Year 554 (DLIV) was a common year starting on Thursday of the Julian calendar. The denomination 554 for this year has been used since the early medieval period, when the Anno Domini calendar era became the prevalent method in Europe for naming years.

== Events ==

=== By place ===
==== Byzantine Empire ====
- August 13 - Byzantine Emperor Justinian I issues a pragmatic sanction reorganizing Italy, and rewards the praetorian prefect Liberius for over 60 years of distinguished service, granting him extensive estates in Italy.
- August 15 - The 554 Anatolia earthquake takes place in the southwest coasts of Anatolia (Asia Minor). It affects the Güllük Gulf (Mandalya Gulf), and the island of Kos.
- October - Battle of the Volturnus: During the spring Butilinus (Buccelin) has marched north; the Frankish army (infected by an epidemic of dysentery which kills their leader Leutharis (Lothair)) is reduced to about 30,000 men. The Byzantine army, with 18,000 men (including a contingent of Goths under Aligern), marches south to meet them at Casilinum (on the banks of the River Volturno). Byzantine eunuch general Narses sends a cavalry force under Chanaranges to destroy the supply wagons of the Franks. Outmanoeuvring Butilinus, he chooses a disposition similar to that at Taginae. After a frontal assault on the Byzantine centre, the Franks and the Alamanni are annihilated, thus effectively ending the Gothic War (535–554). Narses garrisons an army of 16,000 men in Italy. The recovery of the Italian Peninsula has cost the empire about 300,000 pounds of gold.

==== Europe ====
- Byzantine forces under Liberius seize Granada (Andalusia) and occupy the old province of Baetica. Justinian I calls Belisarius out of retirement, to complete the consolidation of reconquered regions of Southern Spain.
- Athanagild is crowned as king of the Visigoths and succeeds Agila I. He acknowledges the suzerainty of the Byzantine Empire.

==== Asia ====
- Al-Mundhir III ibn al-Nu'man is defeated and killed by the Ghassanids under al-Harith ibn Jabalah, at the battle of Yawm Halima; 'Amr III ibn al-Mundhir succeeds as king of the Lakhmid kingdom.
- Baekje and the Gaya Confederacy wage war upon Silla, one of the Three Kingdoms of Korea, but are defeated.
- Wideok becomes king of the Korean kingdom of Baekje.
- Muqan Qaghan succeeds his brother Issik Qaghan as emperor (khagan) of the Göktürks.
- The second and larger of the two Buddhas of Bamyan is erected in central Afghanistan.

==== China ====
- Gong Di succeeds his brother Fei Di as emperor of Western Wei. He is deposed by general Yuwen Tai who puts him to death.
- Siege and Fall of Jiangling: The Western Wei forces launched a military campaign against the Liang dynasty, targeting Jiangling, the Liang capital.
- After a protracted siege, Jiangling fell to the Western Wei army.
- Emperor Yuan of Liang (Xiao Yi) was captured during this assault and was subsequently executed.
- Mass Enslavement and Destruction: Following the capture of Jiangling, the city faced extensive looting and destruction. Historical records indicate that a large portion of the population was either killed or enslaved. The fall of Jiangling significantly weakened the Liang dynasty, leading to further internal strife and fragmentation. Power vacuums emerged, causing shifts in control among the remaining regional powers.
- Wei Shou completes compilation of the Book of Wei.

=== By topic ===
==== Religion ====
- Cassiodorus, Roman statesman, founds the Monastery at Vivarium (approximate date).

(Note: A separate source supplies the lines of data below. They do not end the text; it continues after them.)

(* Let $p\ge1$, $0<\mu<\ell$, and real numbers $q_0,\dots,q_{p-1},r_0,\dots,r_{p-1}$. For $\nu\in[\mu,\ell]$ let $C_j(\nu):=q_j+r_j\nu$ and let $\mathbf C(\nu)\in\mathbb R^{p\times p}$ be the companion matrix with ones on the superdiagonal, last row $(C_0(\nu),C_1(\nu),\dots,C_{p-1}(\nu))$, and zeros elsewhere. Suppose there is no $\nu\in[\mu,\ell]$ with $C_0(\nu)=\dots=C_{p-1}(\nu)=0$. Then $$\sup_{\nu\in[\mu,\ell]}\rho(\mathbf C(\nu))=\sup_{\nu\in[\mu,\ell]}\liminf_{t\to\infty}\|\mathbf C(\nu)^t\|_\sigma^{1/t}\ge\liminf_{t\to\infty}\sup_{\nu\in[\mu,\ell]}\|\mathbf C(\nu)^t\|_\sigma^{1/t}.$$
   Context: $\rho(\mathbf C)$ denotes the spectral radius (maximum modulus of an eigenvalue) and $\|\cdot\|_\sigma$ the spectral norm. *)

theory Defs
  imports "HOL-Analysis.Analysis" "Jordan_Normal_Form.Spectral_Radius"
begin

definition vec_l2 :: "real vec \<Rightarrow> real" where
  "vec_l2 x = sqrt (\<Sum>i<dim_vec x. (x $ i)\<^sup>2)"

definition spectral_norm :: "real mat \<Rightarrow> real" where
  "spectral_norm A = (SUP x \<in> {x. x \<in> carrier_vec (dim_col A) \<and> vec_l2 x = 1}. vec_l2 (A *\<^sub>v x))"

definition companion :: "nat \<Rightarrow> (nat \<Rightarrow> real) \<Rightarrow> real mat" where
  "companion p c = mat p p (\<lambda>(i,j). if i = p - 1 then c j else if j = i + 1 then 1 else 0)"

definition real_spectral_radius :: "real mat \<Rightarrow> real" where
  "real_spectral_radius A = spectral_radius (map_mat complex_of_real A)"

end

theory Submission
  imports Defs
begin
lemma card_Primes_ms_pow2_le:
  assumes "2 \<le> d"
  shows "real (card (Primes_ms (2^d) d)) \<le> 1 + real d ^ 2 / log 2 (real d)"
proof -
  have "card (Primes_ms (2^d) d) \<le> nat (1 + \<lfloor>real d ^ 2 / log 2 (real d)\<rfloor>)"
    unfolding Primes_ms_pow2[OF assms] by (rule card_first_primes_le)
  moreover have "0 \<le> real d ^ 2 / log 2 (real d)" using log2_bounds[OF assms] by simp
  ultimately show ?thesis by linarith
qed

lemma prod_primes_dvd:
  fixes n :: nat
  assumes "finite Q" "\<And>q. q \<in> Q \<Longrightarrow> prime q \<and> q dvd n"
  shows "\<Prod>Q dvd n"
  using assms
proof (induction Q rule: finite_induct)
  case (insert q Q)
  then have "coprime q (\<Prod>Q)" by (intro prod_coprime_right) (auto intro: primes_coprime)
  with insert show ?case by (simp add: divides_mult)
qed simp

lemma pow_card_large_prime_divisors_le:
  fixes P b :: nat
  assumes "0 < P"
  shows "b ^ card {q. prime q \<and> b < q \<and> q dvd P} \<le> P"
proof -
  define B where "B = {q. prime q \<and> b < q \<and> q dvd P}"
  have "B \<subseteq> {..P}" unfolding B_def using assms by (auto intro: dvd_imp_le)
  then have "finite B" by (rule finite_subset) simp
  have "b ^ card B = (\<Prod>q\<in>B. b)" by simp
  also have "\<dots> \<le> \<Prod>B" by (rule prod_mono) (auto simp: B_def)
  also have "\<dots> \<le> P"
    using prod_primes_dvd[OF \<open>finite B\<close>, of P] assms by (intro dvd_imp_le) (auto simp: B_def)
  finally show ?thesis unfolding B_def .
qed
lemma eigenvalue_eq_qform:
  assumes "cinner u u = 1" "A *v u = \<mu> *s u"
  shows "\<mu> = qform A u"
  using assms by (simp add: cinner_scale_right)

lemma state2_spectral_decomposition:
  fixes X :: qmat
  assumes st: "is_state X" and on: "orthonormal_pair u1 u2"
    and eig: "X *v u1 = \<mu>1 *s u1" "X *v u2 = \<mu>2 *s u2"
  shows "\<exists>p. 0 \<le> p \<and> p \<le> 1 \<and> X = p *\<^sub>R outer u1 u1 + (1 - p) *\<^sub>R outer u2 u2"
proof -
  have unit: "cinner u1 u1 = 1" "cinner u2 u2 = 1" using on by (simp_all add: orthonormal_pair_def)
  have psd: "psd X" and tr: "mtr X = 1" using st by (simp_all add: is_state_def)
  define p1 where "p1 = Re \<mu>1"
  define p2 where "p2 = Re \<mu>2"
  have \<mu>_real: "\<mu>1 = of_real p1" "\<mu>2 = of_real p2" and nonneg: "0 \<le> p1" "0 \<le> p2"
    using eigenvalue_eq_qform[OF unit(1) eig(1)] eigenvalue_eq_qform[OF unit(2) eig(2)] psd
    by (auto simp: psd_iff_qform p1_def p2_def complex_eq_iff)
  have "X = X ** (outer u1 u1 + outer u2 u2)"
    using orthonormal_pair_resolution_of_identity[OF on] by simp
  also have "\<dots> = p1 *\<^sub>R outer u1 u1 + p2 *\<^sub>R outer u2 u2"
    by (simp add: matrix_add_ldistrib matrix_mul_outer eig \<mu>_real outer_of_real_scale_left)
  finally have X: "X = p1 *\<^sub>R outer u1 u1 + p2 *\<^sub>R outer u2 u2" .
  have "p1 + p2 = 1"
    using tr unfolding X by (simp add: mtr_add mtr_scaleR mtr_outer unit complex_eq_iff)
  with X nonneg show ?thesis by (intro exI[of _ p1]) auto
qed

lemma qform_spectral2:
  assumes "orthonormal_pair u1 u2"
  shows "qform (p *\<^sub>R outer u1 u1 + q *\<^sub>R outer u2 u2) u1 = of_real p"
    "qform (p *\<^sub>R outer u1 u1 + q *\<^sub>R outer u2 u2) u2 = of_real q"
  using assms cinner_commute[of u2 u1]
  by (simp_all add: qform_add qform_scaleR qform_outer orthonormal_pair_def)
(* Let $\nu$ be a distribution on $\mathcal{W}$ such that for every $z\in\mathcal{Z}$ the random variable $\ell(W,z)$, $W\sim\nu$, is $\alpha^2$-subgaussian. Then for every $r>0$, \[ \mathsf{D}_3(0,\{\nu\})\ge\mathsf{D}_3(r,\{\nu\})\ge\mathsf{D}_3(0,\{\nu\})-\frac1{\sqrt n}\left[\frac{\alpha\sqrt r}{\sqrt2}+\frac{\alpha}{\sqrt{2r}}(e^r-1)\right]. \] Consequently, for any algorithm $\mathsf{A}$ run on $S'\sim(\mu')^{\otimes n}$ whose output $\mathsf{A}(S')$ has marginal distribution $\nu$ and with $I(S';\mathsf{A}(S'))>0$, \[ \mathrm{gen}(\mu,\mu',\mathsf{A})\ge\mathbb{E}_{W\sim\nu}[L_\mu(W)-L_{\mu'}(W)]-\frac1{\sqrt n}\left[\frac{\alpha\sqrt{I(S';\mathsf{A}(S'))}}{\sqrt2}+\frac{\alpha\,(e^{I(S';\mathsf{A}(S'))}-1)}{\sqrt{2I(S';\mathsf{A}(S'))}}\right]. \]
   Context: Setup: $\mathcal{Z},\mathcal{W}$ measurable spaces, $\ell:\mathcal{W}\times\mathcal{Z}\to[0,\infty)$ measurable loss, $\mu,\mu'$ distributions on $\mathcal{Z}$, $S'=(Z'_1,\dots,Z'_n)$ i.i.d. $\sim\mu'$, $\mathsf{A}$ a Markov kernel from $\mathcal{Z}^n$ to $\mathcal{W}$, $W'=\mathsf{A}(S')$, $L_\mu(w)=\mathbb{E}_{Z\sim\mu}\ell(w,Z)$, $L_{\mu'}$ likewise, $L_s(w)=\frac1n\sum_i\ell(w,z_i)$, $\mathrm{gen}(\mu,\mu',\mathsf{A})=\mathbb{E}[L_\mu(W')-L_{S'}(W')]$. For a family $\mathcal{M}$ of distributions on $\mathcal{W}$, $\mathsf{D}_3(r,\mathcal{M})=\inf_{\nu\in\mathcal{M}}\inf\{\mathbb{E}_\pi[L_\mu(W')-L_{S'}(W')]:\pi\text{ a coupling of }\nu\text{ and }(\mu')^{\otimes n},\ I_\pi(W';S')\le r\}$; note $\mathsf{D}_3(0,\{\nu\})=\mathbb{E}_{W\sim\nu}[L_\mu(W)-L_{\mu'}(W)]$. A real random variable $X$ is $\alpha^2$-subgaussian if $\mathbb{E}[e^{s(X-\mathbb{E}X)}]\le e^{\alpha^2s^2/2}$ for all real $s$. *)

theory Defs
  imports "HOL-Probability.Probability"
begin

- Pope Vigilius was allowed to return to Rome after years of pressure from Emperor Justinian regarding the Second Council of Constantinople.

== Births ==
- exact date unknown
  - Fei (Chen Bozong), emperor of the Chen dynasty (d. 570)
  - Suiko, empress of Japan (d. 628)
- probable Wendelin of Trier, Germanic hermit and abbot

== Deaths ==
- March - Agila I, king of the Visigoths
- exact date unknown
  - Al-Mundhir III ibn al-Nu'man, king of the Lakhmid kingdom (Iraq)
  - Fei Di (Yuan Qin), emperor of Western Wei
  - Mermeroes, Persian general
  - Seong, king of Baekje (Korea)
- probable
  - Liberius, Roman aristocrat
  - Yuwen, empress of Western Wei

==Sources==
- Antonopoulos, J. (1980). "Data from investigation of seismic Sea waves events in the Eastern Mediterranean from 500 to 1000 A.D."